Die Weltbank rechnet für dieses Jahr nur noch mit einem Plus der weltweiten Wirtschaftsleistung von 2,4 Prozent; im Juni waren noch drei Prozent in Aussicht gestellt worden.

Grund für die revidierte Prognose sei die schwächelnde Konjunkturerholung in den meisten Industrienationen. Angesichts der eingetrübten Aussichten hielten sich die Anleger zurück: Der breit gefasste MSCI-Index für asiatische Aktien außerhalb Japans gab rund 0,4 Prozent nach.

In Tokio sorgten nach der Rally in den Tagen zuvor Gewinnmitnahmen für Verluste. Der Leitindex Nikkei der 225 führenden Werte brach um knapp 2,6 Prozent auf 10.600 Punkte ein. Vor allem eine Erholung des Yen verursachte diesen höchsten Verlust an einem Tag in den vergangenen acht Monaten.

Japans Wirtschaftsminister Akira Amari hatte vor einer zu großen Yen-Schwäche gewarnt und damit den Erholungskurs der Landeswährung eingeleitet. Am Tag zuvor war der Nikkei noch auf den höchsten Stand seit fast drei Jahren geklettert.

Auf den Verkaufszetteln standen am Mittwoch insbesondere Exportwerte. "Es ist eine Korrektur. Die jüngsten Gewinne einiger Exportwerte waren berechtigt, andere nicht. Deswegen verkaufe ich jetzt Exporteure, die zuletzt zugelegt haben, aber deren Fundamentaldaten weiterhin schlecht sind wie beispielsweise Panasonic", sagte der Chef von Myojo Asset Management, Makoto Kikuchi. Auf der Verliererliste fanden sich unter anderem Toyota mit einem Minus von 2,6 Prozent und Canon mit Abschlägen von mehr als vier Prozent.
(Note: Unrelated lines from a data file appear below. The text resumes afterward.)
(* Let $f\in\mathcal H$, $f\ne0$, and let $d=\operatorname{ord}_0(f)$. Put $J=f-\Pi_{[Sf]}(f)=\Pi_{[Sf]^\perp}(f)$ and $v=\Pi_{[f]}\big(k_0^{(d)}\big)$. Then $$v=\frac{v^{(d)}(0)}{f^{(d)}(0)}\,J.$$
   Context: Standing assumptions: $\Omega\subset\mathbb C$ is a domain with $0\in\Omega$, and $\mathcal H$ is a Hilbert space of analytic functions on $\Omega$ in which every point evaluation $f\mapsto f(w)$, $w\in\Omega$, is bounded; the shift $S$, $(Sf)(z)=zf(z)$, is bounded on $\mathcal H$; and the polynomials $\mathcal P$ are dense in $\mathcal H$. For $w\in\Omega$, $m\ge0$, $k_w^{(m)}\in\mathcal H$ satisfies $\langle f,k_w^{(m)}\rangle=f^{(m)}(w)$ for all $f\in\mathcal H$. For $g\in\mathcal H$, $[g]$ is the closure in $\mathcal H$ of $\operatorname{span}\{z^kg:k\ge0\}$. $\Pi_V$ denotes orthogonal projection onto a closed subspace $V$; $\operatorname{ord}_0(f)$ is the order of the zero of $f$ at $0$. *)

theory Defs
  imports "HOL-Complex_Analysis.Complex_Analysis" "HOL-Computational_Algebra.Polynomial"
begin

type_synonym cfun = "complex \<Rightarrow> complex"

text \<open>Elements of the space are functions on the complex plane that are holomorphic on
  the domain and (as a normalisation) vanish outside of it; the inner product is an
  arbitrary function ip, required by the predicate below to be a complete inner product.\<close>

definition hnorm :: "(cfun \<Rightarrow> cfun \<Rightarrow> complex) \<Rightarrow> cfun \<Rightarrow> real" where
  "hnorm ip f = sqrt (Re (ip f f))"

definition hclosure :: "cfun set \<Rightarrow> (cfun \<Rightarrow> cfun \<Rightarrow> complex) \<Rightarrow> cfun set \<Rightarrow> cfun set" where
  "hclosure H ip A = {f \<in> H. \<forall>e>0. \<exists>a\<in>A. hnorm ip (\<lambda>z. f z - a z) < e}"

definition polyOn :: "complex set \<Rightarrow> complex poly \<Rightarrow> cfun" where
  "polyOn \<Omega> p = (\<lambda>z. if z \<in> \<Omega> then poly p z else 0)"

definition shift :: "cfun \<Rightarrow> cfun" where
  "shift f = (\<lambda>z. z * f z)"

definition cyc :: "cfun set \<Rightarrow> (cfun \<Rightarrow> cfun \<Rightarrow> complex) \<Rightarrow> cfun \<Rightarrow> cfun set" where
  "cyc H ip g = hclosure H ip {(\<lambda>z. poly p z * g z) | p. True}"

definition hproj :: "(cfun \<Rightarrow> cfun \<Rightarrow> complex) \<Rightarrow> cfun set \<Rightarrow> cfun \<Rightarrow> cfun" where
  "hproj ip V f = (THE g. g \<in> V \<and> (\<forall>h\<in>V. ip (\<lambda>z. f z - g z) h = 0))"

definition analytic_hilbert_space ::
  "complex set \<Rightarrow> cfun set \<Rightarrow> (cfun \<Rightarrow> cfun \<Rightarrow> complex) \<Rightarrow> bool" where
  "analytic_hilbert_space \<Omega> H ip \<longleftrightarrow>
     open \<Omega> \<and> connected \<Omega> \<and> 0 \<in> \<Omega> \<and>
     (\<forall>f\<in>H. f holomorphic_on \<Omega> \<and> (\<forall>z. z \<notin> \<Omega> \<longrightarrow> f z = 0)) \<and>
     (\<lambda>z. 0) \<in> H \<and>
     (\<forall>f\<in>H. \<forall>g\<in>H. (\<lambda>z. f z + g z) \<in> H) \<and>
     (\<forall>f\<in>H. \<forall>c. (\<lambda>z. c * f z) \<in> H) \<and>
     (\<forall>f\<in>H. \<forall>g\<in>H. \<forall>h\<in>H. ip (\<lambda>z. f z + g z) h = ip f h + ip g h) \<and>
     (\<forall>f\<in>H. \<forall>g\<in>H. \<forall>c. ip (\<lambda>z. c * f z) g = c * ip f g) \<and>
     (\<forall>f\<in>H. \<forall>g\<in>H. ip g f = cnj (ip f g)) \<and>
     (\<forall>f\<in>H. Im (ip f f) = 0 \<and> Re (ip f f) \<ge> 0) \<and>
     (\<forall>f\<in>H. ip f f = 0 \<longrightarrow> f = (\<lambda>z. 0)) \<and>
     (\<forall>F. (\<forall>n. F n \<in> H) \<and>
          (\<forall>e>0. \<exists>N. \<forall>m\<ge>N. \<forall>n\<ge>N. hnorm ip (\<lambda>z. F m z - F n z) < e) \<longrightarrow>
          (\<exists>g\<in>H. (\<lambda>n. hnorm ip (\<lambda>z. F n z - g z)) \<longlonglongrightarrow> 0)) \<and>
     (\<forall>w\<in>\<Omega>. \<exists>C. \<forall>f\<in>H. norm (f w) \<le> C * hnorm ip f) \<and>
     (\<forall>f\<in>H. shift f \<in> H) \<and>
     (\<exists>C. \<forall>f\<in>H. hnorm ip (shift f) \<le> C * hnorm ip f) \<and>
     (\<forall>p. polyOn \<Omega> p \<in> H) \<and>
     hclosure H ip {polyOn \<Omega> p | p. True} = H"

end

theory Submission
  imports Defs
begin

(* Let P be the projection of f onto [Sf] and J = f - P. Every polynomial multiple p f is
   p(0) J plus an element of [Sf], so [f] is the closed span of J and [Sf]. The functional
   g \<mapsto> g^(d)(0), represented by k_0^(d), vanishes on [Sf] since the derivatives of f of
   order below d vanish at 0. Hence k_0^(d) is orthogonal to [Sf], and its projection onto [f]
   is its projection c J onto the line through J. Since J^(d)(0) = <J, k_0^(d)> = f^(d)(0) is
   nonzero, c is read off from the d-th derivatives at 0. *)

locale analytic_hilbert =
  fixes Om :: "complex set" and H :: "cfun set" and ip :: "cfun \<Rightarrow> cfun \<Rightarrow> complex"
  assumes analytic_hilbert_space: "analytic_hilbert_space Om H ip"
begin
Ebenfalls unter Druck befanden sich die Zulieferer von Boeing. Nachdem ein Dreamliner in Japan zu einer Notlandung gezwungen wurde, entschied sich die Fluggesellschaft All Nippon Airways, zunächst alle 17 Maschinen am Boden zu behalten. Die Aktien von Fuji Heavy Industries gaben 2,9 Prozent nach. Für GS Yuasa und Mitsubishi Heavy ging es ebenfalls nach unten.

Deutliche Verluste verbuchten auch die Börsen in China. Anleger realisierten Gewinne und hielten sich mit Käufen vor der Veröffentlichung weiterer Wirtschaftsdaten Ende der Woche zurück. In Shanghai büßte der Aktienmarkt mehr als ein Prozent ein, in Hongkong rund 0,5 Prozent. Nur die Börse in Australien lag wegen gefragter Bank-Titel deutlich im Plus.
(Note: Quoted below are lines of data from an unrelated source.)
(* Let $(\gamma_n)_{n\ge 0}$ be a sequence of positive reals satisfying conditions (C1)–(C7) below, and let $(p_n)$ be the associated symmetric orthonormal polynomials. Then for every $\omega\in\mathbb{R}$ the limits below exist and satisfy \[ \lim_{n\to\infty}\frac{\sum_{k=0}^n p_k^2(\omega)}{\sum_{k=0}^n \frac{1}{\gamma_k}}=\frac12\lim_{n\to\infty}\gamma_n\bigl(p_n^2(\omega)+p_{n+1}^2(\omega)\bigr), \] and the convergence of both limits is uniform on every compact subset of $\mathbb{R}$.
   Context: Given positive reals $\gamma_n>0$ ($n\ge 0$), set $\gamma_{-1}=1$, $p_{-1}(\omega)=0$, $p_0(\omega)=1$, and define polynomials by $\gamma_n p_{n+1}(\omega)=\omega p_n(\omega)-\gamma_{n-1}p_{n-1}(\omega)$ for $n\ge0$. Let $\Delta_n=\gamma_{n+1}-\gamma_n$ and $\Delta^2_n=\Delta_{n+1}-\Delta_n$. The conditions are: (C1) $\gamma_n\to\infty$; (C2) $\Delta_n\to 0$; (C3) there exist $n_0,m_0$ such that $\gamma_{n+m}>\gamma_n$ for all $n\ge n_0$, $m\ge m_0$; (C4) $\sum_{j\ge0}1/\gamma_j=\infty$; (C5) there exists $\kappa>1$ with $\sum_{j\ge0}\gamma_j^{-\kappa}<\infty$; (C6) $\sum_{n\ge0}|\Delta_n|/\gamma_n^2<\infty$; (C7) $\sum_{n\ge0}|\Delta^2_n|/\gamma_n<\infty$. *)

theory Defs
  imports "HOL-Analysis.Analysis"
begin

text \<open>Orthonormal polynomials p_n(w) attached to gamma via
  gamma_n p_{n+1} = w p_n - gamma_{n-1} p_{n-1}, with p_{-1} = 0, p_0 = 1, gamma_{-1} = 1.
  Hence p_1 = w / gamma_0 and p_{n+2} = (w p_{n+1} - gamma_n p_n) / gamma_{n+1}.\<close>
fun opoly :: "(nat \<Rightarrow> real) \<Rightarrow> nat \<Rightarrow> real \<Rightarrow> real" where
  "opoly g 0 w = 1"
| "opoly g (Suc 0) w = w / g 0"
| "opoly g (Suc (Suc n)) w = (w * opoly g (Suc n) w - g n * opoly g n w) / g (Suc n)"

end

theory Submission
  imports Defs
begin

text \<open>
  Put \<open>F n = \<gamma> n (p n\<^sup>2 + p (n+1)\<^sup>2) - \<omega> p n p (n+1)\<close>. The recurrence gives
  \<open>\<gamma> (n+1) F (n+1) = \<gamma> n F n + (\<gamma> (n+1)\<^sup>2 - \<gamma> n\<^sup>2) p (n+1)\<^sup>2\<close>, and
  \<open>2 F n \<ge> \<gamma> n (p n\<^sup>2 + p (n+1)\<^sup>2)\<close> as soon as \<open>|\<omega>| \<le> \<gamma> n\<close>. So one step changes \<open>F n\<close> by the
  relative amount \<open>O(\<Delta> n)\<close>, which tends to 0 but need not be summable. Over two steps the first
  order terms cancel and the relative change is
  \<open>O(|\<Delta>\<^sup>2 n| / \<gamma> n + |\<Delta> n| / \<gamma> n\<^sup>2 + |\<Delta> (n+1)| / \<gamma> (n+1)\<^sup>2)\<close>,
  which is summable by (C6) and (C7). Hence \<open>F n\<close> is bounded and converges uniformly on compact
  sets, and so does \<open>\<gamma> n (p n\<^sup>2 + p (n+1)\<^sup>2) / 2\<close>, because \<open>\<omega> p n p (n+1) = O(1 / \<gamma> n)\<close>.
  Finally, up to a bounded error, \<open>\<Sum>k\<le>n. p k\<^sup>2\<close> is the sum of these quantities with weights
  \<open>1 / \<gamma> k\<close>; the weights have divergent sum by (C4), so the weighted means inherit the limit.
\<close>

lemma abs_mult_le_half_sum_squares: "\<bar>x * y\<bar> \<le> (x\<^sup>2 + y\<^sup>2) / 2" for x y :: real
  using sum_squares_bound[of "\<bar>x\<bar>" "\<bar>y\<bar>"] by (simp add: abs_mult)

lemma abs_mult3_le_half_sum_squares:
  fixes w x y :: real
  assumes "\<bar>w\<bar> \<le> R"
  shows "\<bar>w * x * y\<bar> \<le> R * (x\<^sup>2 + y\<^sup>2) / 2"
proof -
  have "\<bar>w * x * y\<bar> = \<bar>w\<bar> * \<bar>x * y\<bar>" by (simp add: abs_mult)
  also have "\<dots> \<le> R * ((x\<^sup>2 + y\<^sup>2) / 2)"
    using assms abs_mult_le_half_sum_squares[of x y] by (intro mult_mono) auto
  finally show ?thesis by simp
qed

lemma isCont_imp_bounded_abs_le:
  fixes f :: "real \<Rightarrow> real"
  assumes "\<And>x. isCont f x"
  obtains B where "\<And>x. \<bar>x\<bar> \<le> R \<Longrightarrow> \<bar>f x\<bar> \<le> B"
proof -
  have "bounded (f ` {-R..R})"
    by (intro compact_imp_bounded compact_continuous_image continuous_at_imp_continuous_on
        ballI assms compact_Icc)
  then obtain B where "\<forall>y\<in>f ` {-R..R}. \<bar>y\<bar> \<le> B"
    unfolding bounded_real by blast
  then have "\<bar>f x\<bar> \<le> B" if "\<bar>x\<bar> \<le> R" for x
    using that by (auto simp: abs_le_iff)
  then show ?thesis using that by blast
qed

lemma compact_subset_symmetric_interval:
  fixes K :: "real set"
  assumes "compact K"
  obtains R where "0 \<le> R" and "K \<subseteq> {-R..R}"
proof -
  obtain a where a: "\<forall>x\<in>K. \<bar>x\<bar> \<le> a"
    using compact_imp_bounded[OF assms] unfolding bounded_real ..
  then have "K \<subseteq> {-max a 0..max a 0}"
    by (force simp: abs_le_iff)
  then show ?thesis using that[of "max a 0"] by simp
qed

lemma filterlim_partial_sums_at_top:
  fixes c :: "nat \<Rightarrow> real"
  assumes nonneg: "\<And>k. 0 \<le> c k" and diverges: "\<not> summable c"
  shows "filterlim (\<lambda>n. \<Sum>k\<le>n. c k) at_top sequentially"
proof (subst filterlim_at_top, intro allI)
  fix Z :: real
  have "\<exists>n. Z \<le> (\<Sum>k\<le>n. c k)"
  proof (rule ccontr)
    assume "\<nexists>n. Z \<le> (\<Sum>k\<le>n. c k)"
    then have "(\<Sum>k<n. c k) \<le> Z" for n
    proof -
      have "(\<Sum>k<n. c k) \<le> (\<Sum>k\<le>n. c k)"
        using nonneg by (intro sum_mono2) auto
      with \<open>\<nexists>n. Z \<le> (\<Sum>k\<le>n. c k)\<close> show ?thesis by (meson order_trans nle_le)
    qed
    then show False
      using diverges summableI_nonneg_bounded nonneg by blast
  qed
  then obtain n0 where "Z \<le> (\<Sum>k\<le>n0. c k)" ..
  moreover have "(\<Sum>k\<le>n0. c k) \<le> (\<Sum>k\<le>n. c k)" if "n0 \<le> n" for n
    using that nonneg by (intro sum_mono2) auto
  ultimately show "eventually (\<lambda>n. Z \<le> (\<Sum>k\<le>n. c k)) sequentially"
    unfolding eventually_sequentially by (meson order_trans)
qed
Der Währungskrieg zwischen Fernost und Europa geht weiter. Der scheidende Eurogruppen-Chef Jean-Claude Juncker hat der Gemeinschaftswährung zuletzt einen Schlag versetzt. Juncker bezeichnete die Einheitswährung als deutlich überbewertet und sagte: "Der Wechselkurs des Euro ist gefährlich hoch."

Daraufhin gab der Euro im fernöstlichen Handel nach und fiel auf 1,3285 Dollar nach 1,3304 Dollar im späten New Yorker Handel. Zum Yen stand die Einheitswährung bei 117,30 und damit deutlich unter dem 20-Monatshoch von 120,13.

Zum Dollar notierte der Yen bei 88,28 Yen, am Montag hatte die Währung noch ein Zweieinhalb-Jahreshoch von 89,67 markiert. Japans Wirtschaftsminister Akira Amari warnte am Dienstag vor einer zu großen Yen-Schwäche und lenkte damit die Landeswährung ebenfalls auf Erholungskurs ein.